§ What is needed
Count the lines in the data below that include the word "cmod", then state the total and nothing besides.

(Records contained in a dataset)
##############################

(* Let $P,Q\in\mathbb P_d$ and $x\in\mathbb R$. Let $U_x:=\operatorname{Pol}(P^{x/2}Q^{1/2})$ and $V_x:=\operatorname{Pol}(P^{1/2}Q^{x/2})$. Then $$\operatorname{F}_{P^x}(P,Q)=\operatorname{Tr}\big[P^{1/2}U_xQ^{1/2}\big]=\operatorname{Tr}\big[P^{\frac{1-x}{2}}\sqrt{P^{x/2}QP^{x/2}}\big],\qquad \operatorname{F}_{Q^x}(P,Q)=\operatorname{Tr}\big[P^{1/2}V_xQ^{1/2}\big]=\operatorname{Tr}\big[\sqrt{Q^{x/2}PQ^{x/2}}\,Q^{\frac{1-x}{2}}\big].$$
   Context: $\mathbb P_d$ is the set of $d\times d$ complex positive definite matrices. For an invertible matrix $A$, $\operatorname{Pol}(A):=A(A^*A)^{-1/2}$ is its unitary polar factor. The generalized fidelity is $\operatorname{F}_R(P,Q):=\operatorname{Tr}\big[\sqrt{R^{1/2}PR^{1/2}}\,R^{-1}\sqrt{R^{1/2}QR^{1/2}}\big]$ for $R\in\mathbb P_d$. *)

theory Defs
  imports "HOL-Analysis.Analysis"
begin

text \<open>Complex d x d matrices are modelled as complex^'n^'n, with d = CARD('n).\<close>

definition cadj :: "complex^'n^'n \<Rightarrow> complex^'n^'n" where
  "cadj A = (\<chi> i j. cnj (A $ j $ i))"

definition unitary_mat :: "complex^'n^'n \<Rightarrow> bool" where
  "unitary_mat U \<longleftrightarrow> cadj U ** U = mat 1 \<and> U ** cadj U = mat 1"

definition hermitian_mat :: "complex^'n^'n \<Rightarrow> bool" where
  "hermitian_mat A \<longleftrightarrow> cadj A = A"

definition cquad :: "complex^'n^'n \<Rightarrow> complex^'n \<Rightarrow> complex" where
  "cquad A v = (\<Sum>i\<in>UNIV. cnj (v $ i) * (A *v v) $ i)"

definition posdef_mat :: "complex^'n^'n \<Rightarrow> bool" where
  "posdef_mat A \<longleftrightarrow> hermitian_mat A \<and> (\<forall>v. v \<noteq> 0 \<longrightarrow> Re (cquad A v) > 0)"

definition cdiag :: "('n \<Rightarrow> real) \<Rightarrow> complex^'n^'n" where
  "cdiag l = (\<chi> i j. if i = j then complex_of_real (l i) else 0)"

text \<open>Functional calculus for positive semidefinite matrices via the spectral
  decomposition A = U diag(l) U^*, l \<ge> 0 (well defined independently of the choice).\<close>
definition mfun :: "(real \<Rightarrow> real) \<Rightarrow> complex^'n^'n \<Rightarrow> complex^'n^'n" where
  "mfun f A = (SOME B. \<exists>U l. unitary_mat U \<and> (\<forall>i. l i \<ge> 0) \<and>
       A = U ** cdiag l ** cadj U \<and> B = U ** cdiag (\<lambda>i. f (l i)) ** cadj U)"

definition mpow :: "complex^'n^'n \<Rightarrow> real \<Rightarrow> complex^'n^'n" where
  "mpow A x = mfun (\<lambda>t. t powr x) A"

definition msqrt :: "complex^'n^'n \<Rightarrow> complex^'n^'n" where
  "msqrt A = mfun sqrt A"

definition Pol :: "complex^'n^'n \<Rightarrow> complex^'n^'n" where
  "Pol A = A ** mpow (cadj A ** A) (-1/2)"

definition genF :: "complex^'n^'n \<Rightarrow> complex^'n^'n \<Rightarrow> complex^'n^'n \<Rightarrow> complex" where
  "genF R P Q = trace (msqrt (mpow R (1/2) ** P ** mpow R (1/2)) ** matrix_inv R **
                       msqrt (mpow R (1/2) ** Q ** mpow R (1/2)))"

end

theory Submission
  imports Defs
begin

text \<open>With R = P^x every matrix in the definition of F_R(P,Q) but one is a power of P:
  sqrt(R^(1/2) P R^(1/2)) = P^((1+x)/2) and R^(-1) = P^(-x), so the fidelity collapses to
  Tr[P^((1-x)/2) sqrt M] with M = P^(x/2) Q P^(x/2).  Since A = P^(x/2) Q^(1/2) satisfies
  A A^* = M, its polar factor is U_x = M^(-1/2) A, hence
  P^(1/2) U_x Q^(1/2) = P^(1/2) M^(-1/2) M P^(-x/2) = P^(1/2) sqrt M P^(-x/2),
  and cyclicity of the trace gives the same value.  The statements for Q^x and V_x are the
  mirror images, using Pol B = B (B^* B)^(-1/2) directly.

  Matrix functions are defined through spectral decompositions, so the spectral theorem for
  Hermitian matrices comes first: orthonormal eigenvectors are found one at a time by
  maximising the Rayleigh quotient on the orthogonal complement of those already found.\<close>

lemma cadj_cadj [simp]: "cadj (cadj A) = A"
  by (simp add: cadj_def vec_eq_iff)

lemma cadj_mult: "cadj (A ** B) = cadj B ** cadj A"
  by (simp add: cadj_def vec_eq_iff matrix_matrix_mult_def mult.commute)

lemma cadj_cdiag [simp]: "cadj (cdiag l) = cdiag l"
  by (simp add: cadj_def vec_eq_iff cdiag_def)

lemma matrix_mult_cdiag_nth: "(A ** cdiag l) $ i $ j = A $ i $ j * complex_of_real (l j)"
  by (simp add: cdiag_def matrix_matrix_mult_def if_distrib cong: if_cong)

lemma cdiag_matrix_mult_nth: "(cdiag l ** A) $ i $ j = complex_of_real (l i) * A $ i $ j"
  by (simp add: cdiag_def matrix_matrix_mult_def if_distrib if_distribR cong: if_cong)

lemma cdiag_mult: "cdiag a ** cdiag b = cdiag (\<lambda>i. a i * b i)"
  by (simp add: vec_eq_iff cdiag_matrix_mult_nth) (simp add: cdiag_def)

lemma cdiag_one: "cdiag (\<lambda>i. 1) = mat 1"
  by (simp add: cdiag_def mat_def vec_eq_iff)

lemma unitary_matD:
  assumes "unitary_mat U"
  shows "cadj U ** U = mat 1" and "U ** cadj U = mat 1"
  using assms by (auto simp: unitary_mat_def)

lemma unitary_matI: "cadj U ** U = mat 1 \<Longrightarrow> unitary_mat U"
  by (simp add: unitary_mat_def matrix_left_right_inverse)

lemma unitary_cancel_left:
  assumes "unitary_mat U"
  shows "cadj U ** (U ** X) = X" and "U ** (cadj U ** X) = X"
  by (simp_all add: matrix_mul_assoc unitary_matD[OF assms])

lemma unitary_mult: "unitary_mat U \<Longrightarrow> unitary_mat V \<Longrightarrow> unitary_mat (U ** V)"
  by (rule unitary_matI)
    (simp add: cadj_mult matrix_mul_assoc[symmetric] unitary_cancel_left unitary_matD)

lemma unitary_cadj: "unitary_mat U \<Longrightarrow> unitary_mat (cadj U)"
  by (simp add: unitary_mat_def)

lemma hermitian_unitary_conj: "hermitian_mat (U ** cdiag l ** cadj U)"
  by (simp add: hermitian_mat_def cadj_mult matrix_mul_assoc)

lemma matrix_inv_eq:
  assumes AB: "(A::complex^'n^'n) ** B = mat 1"
  shows "matrix_inv A = B"
proof -
  have "\<exists>A'. A ** A' = mat 1 \<and> A' ** A = mat 1"
    using AB matrix_left_right_inverse by blast
  hence inv: "A ** matrix_inv A = mat 1 \<and> matrix_inv A ** A = mat 1"
    unfolding matrix_inv_def by (rule someI_ex)
  have "matrix_inv A = matrix_inv A ** (A ** B)" by (simp add: AB)
  also have "\<dots> = B" using inv by (simp add: matrix_mul_assoc)
  finally show ?thesis .
qed

section \<open>Well-definedness of the functional calculus\<close>

lemma unitary_diag_conj_fun_eq:
  assumes U: "unitary_mat U" and V: "unitary_mat V"
    and eq: "U ** cdiag l ** cadj U = V ** cdiag m ** cadj V"
  shows "U ** cdiag (\<lambda>i. f (l i)) ** cadj U = V ** cdiag (\<lambda>i. f (m i)) ** cadj V"
proof -
  define W where "W = cadj V ** U"
  have "cadj V ** (U ** cdiag l ** cadj U) ** U = cadj V ** (V ** cdiag m ** cadj V) ** U"
    using eq by simp
  hence WD: "W ** cdiag l = cdiag m ** W"
    by (simp add: W_def matrix_mul_assoc[symmetric] unitary_cancel_left(1)[OF U]
        unitary_cancel_left(1)[OF V] unitary_matD(1)[OF U])
  \<comment> \<open>\<open>W\<close> only links coordinates with equal eigenvalues, so it also intertwines \<open>f(l)\<close> and \<open>f(m)\<close>.\<close>
  have WDf: "W ** cdiag (\<lambda>i. f (l i)) = cdiag (\<lambda>i. f (m i)) ** W"
  proof -
    have "W $ i $ j * complex_of_real (f (l j)) = complex_of_real (f (m i)) * W $ i $ j" for i j
    proof -
      have "W $ i $ j * complex_of_real (l j) = complex_of_real (m i) * W $ i $ j"
        using arg_cong[OF WD, of "\<lambda>X. X $ i $ j"]
        by (simp add: matrix_mult_cdiag_nth cdiag_matrix_mult_nth)
      hence "W $ i $ j = 0 \<or> l j = m i" by auto
      thus ?thesis by auto
    qed
    thus ?thesis by (simp add: vec_eq_iff matrix_mult_cdiag_nth cdiag_matrix_mult_nth)
  qed
  have U_eq: "U = V ** W" by (simp add: W_def unitary_cancel_left(2)[OF V])
  have "U ** cdiag (\<lambda>i. f (l i)) ** cadj U = V ** (W ** cdiag (\<lambda>i. f (l i))) ** cadj U"
    by (subst (1) U_eq) (simp add: matrix_mul_assoc)
  also have "\<dots> = V ** cdiag (\<lambda>i. f (m i)) ** (W ** cadj U)"
    by (simp add: WDf matrix_mul_assoc)
  also have "W ** cadj U = cadj V"
    by (simp add: W_def matrix_mul_assoc[symmetric] unitary_matD(2)[OF U])
  finally show ?thesis .
qed

lemma mfun_eq:
  assumes U: "unitary_mat U" and l: "\<forall>i. l i \<ge> 0" and A: "A = U ** cdiag l ** cadj U"
  shows "mfun f A = U ** cdiag (\<lambda>i. f (l i)) ** cadj U"
proof -
  have "\<exists>B U l. unitary_mat U \<and> (\<forall>i. l i \<ge> 0) \<and>
       A = U ** cdiag l ** cadj U \<and> B = U ** cdiag (\<lambda>i. f (l i)) ** cadj U"
    using U l A by blast
  from someI_ex[OF this] obtain V m where V: "unitary_mat V" and
    A': "A = V ** cdiag m ** cadj V" and B: "mfun f A = V ** cdiag (\<lambda>i. f (m i)) ** cadj V"
    unfolding mfun_def by blast
  show ?thesis unfolding B using unitary_diag_conj_fun_eq[OF V U, of m l f] A A' by simp
qed

definition cinner :: "complex^'n \<Rightarrow> complex^'n \<Rightarrow> complex" where
  "cinner u v = (\<Sum>i\<in>UNIV. cnj (u$i) * v$i)"

lemma cinner_add_right: "cinner u (v + w) = cinner u v + cinner u w"
  by (simp add: cinner_def distrib_left sum.distrib)

lemma cinner_add_left: "cinner (v + w) u = cinner v u + cinner w u"
  by (simp add: cinner_def distrib_right sum.distrib)

lemma cinner_diff_right: "cinner u (v - w) = cinner u v - cinner u w"
  by (simp add: cinner_def right_diff_distrib sum_subtractf)

lemma cinner_diff_left: "cinner (v - w) u = cinner v u - cinner w u"
  by (simp add: cinner_def left_diff_distrib sum_subtractf)

lemma cinner_scale_right: "cinner u (c *s v) = c * cinner u v"
  by (simp add: cinner_def sum_distrib_left ac_simps)

lemma cinner_scale_left: "cinner (c *s v) u = cnj c * cinner v u"
  by (simp add: cinner_def sum_distrib_left ac_simps)

lemma cinner_cnj: "cnj (cinner u v) = cinner v u"
  by (simp add: cinner_def mult.commute)

lemma cinner_sum_right: "cinner u (\<Sum>i\<in>S. g i) = (\<Sum>i\<in>S. cinner u (g i))"
  by (simp add: cinner_def sum_component sum_distrib_left) (rule sum.swap)

lemma cinner_self: "cinner v v = complex_of_real ((norm v)^2)"
proof -
  have "(norm v)^2 = (\<Sum>i\<in>UNIV. (cmod (v$i))^2)"
    by (simp add: norm_vec_def L2_set_def sum_nonneg)
  hence "complex_of_real ((norm v)^2) = (\<Sum>i\<in>UNIV. complex_of_real ((cmod (v$i))^2))"
    by simp
  also have "\<dots> = cinner v v"
    unfolding cinner_def
    by (rule sum.cong) (simp_all add: complex_norm_square[symmetric] mult.commute)
  finally show ?thesis by simp
qed

lemma continuous_on_cinner_right: "continuous_on S (\<lambda>v. cinner u v)"
  unfolding cinner_def by (intro continuous_intros)

lemma continuous_on_cquad: "continuous_on S (\<lambda>v. Re (cinner v (A *v v)))"
  unfolding cinner_def matrix_vector_mult_def by (intro continuous_intros)

lemma matrix_vector_mult_scale: "A *v (c *s x) = c *s (A *v (x :: complex^'n))"
  by (simp add: matrix_vector_mult_def vec_eq_iff sum_distrib_left ac_simps)

lemma scale_of_real_eq_scaleR: "complex_of_real r *s x = r *\<^sub>R (x::complex^'n)"
  unfolding vec_eq_iff vector_scaleR_component vector_smult_component
  by (simp add: scaleR_conv_of_real)

lemma cinner_cadj: "cinner u (A *v v) = cinner (cadj A *v u) v"
proof -
  have "cinner u (A *v v) = (\<Sum>i\<in>UNIV. \<Sum>j\<in>UNIV. cnj (u$i) * A$i$j * v$j)"
    by (simp add: cinner_def matrix_vector_mult_def sum_distrib_left ac_simps)
  also have "\<dots> = (\<Sum>j\<in>UNIV. \<Sum>i\<in>UNIV. cnj (u$i) * A$i$j * v$j)"
    by (rule sum.swap)
  also have "\<dots> = (\<Sum>j\<in>UNIV. \<Sum>i\<in>UNIV. cnj (cadj A $ j $ i) * cnj (u$i) * v$j)"
    by (simp add: cadj_def ac_simps)
  also have "\<dots> = cinner (cadj A *v u) v"
    by (simp add: cinner_def matrix_vector_mult_def sum_distrib_right)
  finally show ?thesis .
qed

lemma cinner_hermitian: "hermitian_mat A \<Longrightarrow> cinner u (A *v v) = cinner (A *v u) v"
  by (simp add: cinner_cadj hermitian_mat_def)

lemma cquad_cinner: "cquad A v = cinner v (A *v v)"
  by (simp add: cquad_def cinner_def)

section \<open>The spectral theorem for Hermitian matrices\<close>

lemma psd_form_zero_imp_zero:
  fixes b :: "complex^'n \<Rightarrow> complex^'n"
  assumes lin: "\<And>x y t. b (x + complex_of_real t *s y) = b x + complex_of_real t *s b y"
    and sa: "\<And>x y. cinner x (b y) = cinner (b x) y"
    and cl: "\<And>x y t. x \<in> W \<Longrightarrow> y \<in> W \<Longrightarrow> x + complex_of_real t *s y \<in> W"
    and psd: "\<And>x. x \<in> W \<Longrightarrow> Re (cinner x (b x)) \<ge> 0"
    and v: "v \<in> W" and bv: "b v \<in> W" and z: "Re (cinner v (b v)) = 0"
  shows "b v = 0"
proof (rule ccontr)
  assume ne: "b v \<noteq> 0"
  define w where "w = b v"
  define N where "N = (norm w)^2"
  define c where "c = Re (cinner w (b w))"
  have N: "N > 0" using ne by (simp add: N_def w_def)
  have c: "c \<ge> 0" using psd bv by (simp add: c_def w_def)
  have quadratic_nonneg: "0 \<le> 2 * t * N + t * t * c" for t
  proof -
    define x where "x = v + complex_of_real t *s w"
    have "x \<in> W" using cl v bv by (simp add: x_def w_def)
    hence "0 \<le> Re (cinner x (b x))" by (rule psd)
    also have "cinner x (b x) = cinner v (b v) + complex_of_real t * cinner v (b w)
       + complex_of_real t * cinner w (b v) + complex_of_real t * complex_of_real t * cinner w (b w)"
      by (simp add: x_def lin cinner_add_left cinner_add_right cinner_scale_left cinner_scale_right
          algebra_simps)
    also have "cinner v (b w) = cinner w w" by (simp add: sa w_def)
    also have "cinner w (b v) = cinner w w" by (simp add: w_def)
    also have "cinner w w = complex_of_real N" by (simp add: cinner_self N_def)
    finally show ?thesis using z by (simp add: c_def algebra_simps)
  qed
  define s where "s = N / (c + 1)"
  have s: "s > 0" using N c by (simp add: s_def)
  have "s * c < N" using N c by (simp add: s_def field_simps)
  hence "- 2 * N + s * c < 0" using N by linarith
  hence "s * (- 2 * N + s * c) < 0" using s by (simp add: mult_pos_neg)
  moreover have "0 \<le> 2 * (-s) * N + (-s) * (-s) * c" by (rule quadratic_nonneg)
  ultimately show False by (simp add: algebra_simps)
qed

##############################

§ Task response
2